Gel-polish will give you the least amount of trouble, which is one reason techs suggest clients opt for gel-polish over traditional polish. A few reminders for best results: Roll the bottle between your hands before each use and apply only a thin coat. Heat is released during the setting process under the light, so be aware of the temperature of your clients’ hands. If her internal temperature is already elevated, she may experience discomfort under the light as the product cures.
Working in the Elements
Techs who have been in the business for a while will remember the days when crystallization was a concern. Today, acrylic formulas aren’t as sensitive to cold; nonetheless, cold temperatures do change the way the product handles, so techs have developed clever ways to keep clients’ hands warm so product isn’t applied to a cold surface. In Fargo, N.D., which appears on the Top 10 list of cold cities, clients can come in from freezing temperatures with uncomfortably cold hands — even if they wear gloves. Karissa Olstad, manager of The Nail Bar Downtown in Fargo, says the salon offers clients warm neck wraps and blankets to keep them warm.
Changes must be made for natural nails as well. “Nails in general are more brittle in the winter, which can increase breakage,” says Olstad. “Our answer is cuticle oil, cuticle oil, cuticle oil.” During pedicures, says Olstad, techs need to keep the water at a low temperature and then add warmer water gradually once the feet are soaking. Though it might seem odd to put cold feet in water that is only lukewarm, the truth is when the water is too warm on cold toes, it creates an unpleasant burning sensation.
In addition to bitter cold, Fargo experiences extreme heat in the summer. Climate control keeps product problems in check, but clammy hands can be an issue. “We wrap hands and feet in warm towels,” says Olstad. “You’d be surprised at how quickly that removes the clammy feeling.”
“I see the biggest factor of temperature change being less about product application and more about the wear and tear of the elements between appointments,” says seasoned nail tech Ana Braun, owner of Ana Braun at Embody Wellness and Fitness Studio in Sarasota, Fla. Braun says when she did nails for 12 years in Rhode Island, clients had dry cuticles and brittle nails because of the cold weather, but their feet were usually in good condition because they were always covered. Now, a resident of Sarasota, Fla., where August temperatures hover in the 90s with 90% humidity, Braun says clients have healthy cuticles because of the warm, moist air, but their heels are cracked because everyone is in open shoes. Pedicures don’t last as long with pool and beach activities. “Up north, I would give clients cuticle treatments to apply every night; here I ask my clients to exfoliate their heels with a pumice stone and apply lotion,” says Braun.

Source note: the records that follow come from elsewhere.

lemma generator_ln_wsize_le:
  assumes w: "\<And>u. 0 \<le> w u"
  shows "generator (\<lambda>y. ln (wsize w y + 1)) x
       \<le> ((\<Sum>u\<in>UNIV. birth x u * w u) - \<delta> * wsize w x) / (wsize w x + 1)"
proof -
  let ?W = "wsize w x"
  have W: "0 \<le> ?W" by (rule wsize_nonneg[OF w])
  have "generator (\<lambda>y. ln (wsize w y + 1)) x
      \<le> 1 / (?W + 1) * (\<Sum>u\<in>UNIV. birth x u * w u) - 1 / (?W + 1) * (\<delta> * ?W)"
  proof (rule generator_wsize_le)
    fix u
    show "ln (?W + w u + 1) - ln (?W + 1) \<le> 1 / (?W + 1) * w u"
      using ln_diff_le[of "?W + w u + 1" "?W + 1"] W w[of u] by simp
    assume "0 < x u"
    then have "w u * 1 \<le> w u * real (x u)" using w[of u] by (intro mult_left_mono) auto
    then have "w u \<le> ?W" using wsize_ge_component[of w u x] w by simp
    then show "ln (?W - w u + 1) - ln (?W + 1) \<le> - (1 / (?W + 1) * w u)"
      using ln_diff_le[of "?W - w u + 1" "?W + 1"] W w[of u] by simp
  qed
  then show ?thesis by (simp add: diff_divide_distrib)
qed

lemma generator_neg_exp_wsize_le:
  assumes \<kappa>: "0 \<le> \<kappa>" and w: "\<And>u. wmin \<le> w u" "0 \<le> wmin"
  shows "generator (\<lambda>y. - exp (- \<kappa> * wsize w y)) x
       \<le> \<kappa> * exp (- \<kappa> * wsize w x)
           * ((\<Sum>u\<in>UNIV. birth x u * w u) - (1 + \<kappa> * wmin / 2) * (\<delta> * wsize w x))"
proof -
  define E where "E = exp (- \<kappa> * wsize w x)"
  have E: "0 < E" by (simp add: E_def)
  have "generator (\<lambda>y. - exp (- \<kappa> * wsize w y)) x
      \<le> (\<kappa> * E) * (\<Sum>u\<in>UNIV. birth x u * w u) - (\<kappa> * E * (1 + \<kappa> * wmin / 2)) * (\<delta> * wsize w x)"
  proof (rule generator_wsize_le)
    fix u
    have "0 \<le> w u" using w(1)[of u] w(2) by linarith
    then have t: "0 \<le> \<kappa> * w u" using \<kappa> by simp
    have "1 - exp (- (\<kappa> * w u)) \<le> \<kappa> * w u" using exp_ge_add_one_self[of "- (\<kappa> * w u)"] by simp
    then have "E * (1 - exp (- (\<kappa> * w u))) \<le> E * (\<kappa> * w u)" using E by simp
    then show "- exp (- \<kappa> * (wsize w x + w u)) - - exp (- \<kappa> * wsize w x) \<le> \<kappa> * E * w u"
      unfolding exp_minus_mult_shift E_def[symmetric] by (simp add: algebra_simps)
    have "\<kappa> * w u * (\<kappa> * wmin) \<le> \<kappa> * w u * (\<kappa> * w u)"
      using t \<kappa> w(1)[of u] by (intro mult_left_mono) auto
    then have "\<kappa> * w u * (1 + \<kappa> * wmin / 2) \<le> exp (\<kappa> * w u) - 1"
      using exp_lower_Taylor_quadratic[OF t] by (simp add: power2_eq_square algebra_simps)
    then have "E * (\<kappa> * w u * (1 + \<kappa> * wmin / 2)) \<le> E * (exp (\<kappa> * w u) - 1)" using E by simp
    then show "- exp (- \<kappa> * (wsize w x - w u)) - - exp (- \<kappa> * wsize w x)
        \<le> - (\<kappa> * E * (1 + \<kappa> * wmin / 2) * w u)"
      unfolding exp_minus_mult_shift E_def[symmetric] by (simp add: algebra_simps)
  qed
  then show ?thesis unfolding E_def by (simp add: algebra_simps)
qed

lemma generator_neg_exp_wsize_ge:
  assumes \<kappa>: "0 \<le> \<kappa>" and w: "\<And>u. 0 \<le> w u" "\<And>u. w u \<le> 1"
  shows "\<kappa> * exp (- \<kappa> * wsize w x)
           * (exp (- \<kappa>) * (\<Sum>u\<in>UNIV. birth x u * w u) - exp \<kappa> * (\<delta> * wsize w x))
       \<le> generator (\<lambda>y. - exp (- \<kappa> * wsize w y)) x"
proof -
  define E where "E = exp (- \<kappa> * wsize w x)"
  have E: "0 < E" by (simp add: E_def)
  have "(\<kappa> * E * exp (- \<kappa>)) * (\<Sum>u\<in>UNIV. birth x u * w u) - (\<kappa> * E * exp \<kappa>) * (\<delta> * wsize w x)
      \<le> generator (\<lambda>y. - exp (- \<kappa> * wsize w y)) x"
  proof (rule generator_wsize_ge)
    fix u
    have t: "0 \<le> \<kappa> * w u" "\<kappa> * w u \<le> \<kappa>" using \<kappa> w[of u] by (auto simp: mult_left_le)
    have "\<kappa> * w u * exp (- \<kappa>) \<le> \<kappa> * w u * exp (- (\<kappa> * w u))"
      using t by (intro mult_left_mono) auto
    also have "\<dots> \<le> 1 - exp (- (\<kappa> * w u))" by (rule mult_exp_minus_le[OF t(1)])
    finally have "E * (\<kappa> * w u * exp (- \<kappa>)) \<le> E * (1 - exp (- (\<kappa> * w u)))" using E by simp
    then show "\<kappa> * E * exp (- \<kappa>) * w u \<le> - exp (- \<kappa> * (wsize w x + w u)) - - exp (- \<kappa> * wsize w x)"
      unfolding exp_minus_mult_shift E_def[symmetric] by (simp add: algebra_simps)
    have "exp (\<kappa> * w u) - 1 \<le> \<kappa> * w u * exp (\<kappa> * w u)" by (rule exp_minus_one_le)
    also have "\<dots> \<le> \<kappa> * w u * exp \<kappa>" using t by (intro mult_left_mono) auto
    finally have "E * (exp (\<kappa> * w u) - 1) \<le> E * (\<kappa> * w u * exp \<kappa>)" using E by simp
    then show "- (\<kappa> * E * exp \<kappa> * w u) \<le> - exp (- \<kappa> * (wsize w x - w u)) - - exp (- \<kappa> * wsize w x)"
      unfolding exp_minus_mult_shift E_def[symmetric] by (simp add: algebra_simps)
  qed
  then show ?thesis unfolding E_def by (simp add: algebra_simps)
qed

end

section \<open>The subcritical and supercritical regimes\<close>

text \<open>
  Where births dominate deaths by the factor exp (2 \<kappa>), the function -exp (-\<kappa> W) is
  subharmonic; truncating at level c makes it vanish on the region W \<le> c, where this may fail.
\<close>

definition escape_test :: "('l::finite \<Rightarrow> real) \<Rightarrow> real \<Rightarrow> real \<Rightarrow> ('l \<Rightarrow> nat) \<Rightarrow> real" where
  "escape_test w \<kappa> c x = max 0 (exp (- \<kappa> * c) - exp (- \<kappa> * wsize w x))"

lemma escape_test_nonneg: "0 \<le> escape_test w \<kappa> c x"
  by (simp add: escape_test_def)

lemma escape_test_le_1:
  assumes "0 \<le> \<kappa>" "0 \<le> c"
  shows "escape_test w \<kappa> c x \<le> 1"
proof -
  have "exp (- \<kappa> * c) \<le> 1" using assms by simp
  then show ?thesis
    unfolding escape_test_def using exp_gt_zero[of "- \<kappa> * wsize w x"]
    by (intro max.boundedI) linarith+
qed

lemma escape_test_zero: "0 \<le> \<kappa> \<Longrightarrow> 0 \<le> c \<Longrightarrow> escape_test w \<kappa> c (\<lambda>_. 0) = 0"
  by (simp add: escape_test_def wsize_zero)

text \<open>
  The logarithmic term has drift at most -1 where the births of W are at most (\<delta> - \<epsilon>) W and
  W \<ge> 1; on the remaining bounded region the drift of the concave exponential term is at most
  -A \<kappa> exp (-\<kappa> S) wmin, which A is chosen to make dominant.
\<close>

definition log_Lyapunov :: "('l::finite \<Rightarrow> real) \<Rightarrow> real \<Rightarrow> real \<Rightarrow> real \<Rightarrow> ('l \<Rightarrow> nat) \<Rightarrow> real" where
  "log_Lyapunov w c A \<kappa> x = c * ln (wsize w x + 1) + A * (1 - exp (- \<kappa> * wsize w x))"

lemma log_Lyapunov_nonneg:
  assumes "\<And>u. 0 \<le> w u" "0 \<le> c" "0 \<le> A" "0 \<le> \<kappa>"
  shows "0 \<le> log_Lyapunov w c A \<kappa> x"
  using assms wsize_nonneg[of w x] unfolding log_Lyapunov_def
  by (intro add_nonneg_nonneg mult_nonneg_nonneg) auto

lemma log_Lyapunov_le_ln:
  assumes w: "\<And>u. 0 \<le> w u" "\<And>u. w u \<le> wmax" and "0 \<le> c" "0 \<le> A" and x: "2 \<le> tot x"
  shows "log_Lyapunov w c A \<kappa> x \<le> (c + (c * ln (wmax + 1) + A) / ln 2) * ln (real (tot x))"
proof -
  define n where "n = real (tot x)"
  have n: "2 \<le> n" using x by (simp add: n_def)
  have "0 \<le> wmax" using w[of undefined] by (rule order_trans)
  have "wsize w x + 1 \<le> (wmax + 1) * n"
    using wsize_le_tot[of w wmax x] w n by (simp add: n_def algebra_simps)
  then have "ln (wsize w x + 1) \<le> ln ((wmax + 1) * n)"
    using wsize_nonneg[of w x] w by simp
  also have "\<dots> = ln (wmax + 1) + ln n"
    using \<open>0 \<le> wmax\<close> n by (simp add: ln_mult)
  finally have "ln (wsize w x + 1) \<le> ln (wmax + 1) + ln n" .
  moreover have "A * (1 - exp (- \<kappa> * wsize w x)) \<le> A"
    using \<open>0 \<le> A\<close> exp_gt_zero[of "- \<kappa> * wsize w x"] by (simp add: mult_left_le)
  ultimately have "log_Lyapunov w c A \<kappa> x \<le> c * ln n + (c * ln (wmax + 1) + A)"
    unfolding log_Lyapunov_def using mult_left_mono[of _ _ c] \<open>0 \<le> c\<close>
    by (fastforce simp: algebra_simps)
  also have "\<dots> \<le> c * ln n + (c * ln (wmax + 1) + A) * (ln n / ln 2)"
  proof -
    have "1 \<le> ln n / ln 2" using n by simp
    moreover have "0 \<le> c * ln (wmax + 1) + A" using \<open>0 \<le> wmax\<close> assms by simp
    ultimately show ?thesis using mult_left_mono[of 1 "ln n / ln 2"] by fastforce
  qed
  also have "\<dots> = (c + (c * ln (wmax + 1) + A) / ln 2) * ln n" by (simp add: field_simps)
  finally show ?thesis by (simp add: n_def)
qed

lemma log_drift_far:
  fixes B W \<delta> \<epsilon> c R A \<kappa> E :: real
  assumes B: "B \<le> (\<delta> - \<epsilon>) * W" and W: "1 \<le> W" and \<epsilon>: "0 < \<epsilon>" "c * \<epsilon> = 2"
    and "0 \<le> R" "0 \<le> A * (\<kappa> * E)"
  shows "c * ((B - \<delta> * W) / (W + 1)) + A * (\<kappa> * E * (B - (\<delta> + R + 1) * W)) \<le> -1"
proof -
  have "0 < c" using \<epsilon> by (intro zero_less_mult_pos2[of c \<epsilon>]) simp_all
  have "(B - \<delta> * W) / (W + 1) \<le> - (\<epsilon> * W) / (W + 1)"
    using B W by (intro divide_right_mono) (auto simp: algebra_simps)
  then have "c * ((B - \<delta> * W) / (W + 1)) \<le> - (2 * W / (W + 1))"
    using mult_left_mono[OF _ less_imp_le[OF \<open>0 < c\<close>]] \<epsilon>(2) by (fastforce simp: mult.assoc[symmetric])
  also have "\<dots> \<le> -1" using W by (simp add: field_simps)
  finally have "c * ((B - \<delta> * W) / (W + 1)) \<le> -1" .
  moreover have "B - (\<delta> + R + 1) * W \<le> 0"
    using B W \<open>0 \<le> R\<close> \<epsilon>(1) by (smt (verit) mult_right_mono)
  then have "A * (\<kappa> * E * (B - (\<delta> + R + 1) * W)) \<le> 0"
    using \<open>0 \<le> A * (\<kappa> * E)\<close> by (simp add: mult.assoc[symmetric] mult_nonneg_nonpos)
  ultimately show ?thesis by linarith
qed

Amanda Lenher is a Nubar educator and nail tech at Posare Salon in Las Vegas. Temperatures in her town can often break 100°, sweltering by anyone’s standards. She says most of the time the temperature is controlled by air conditioning, but still, there are ways she needs to compensate for the heat. “Clients come in and their hands are cold because they have been in air conditioning all day, plus they have an iced coffee in their hands,” explains Lenher. “I rest my clients’ hands on warming mats during nail services to raise the temperatures in their fingers.”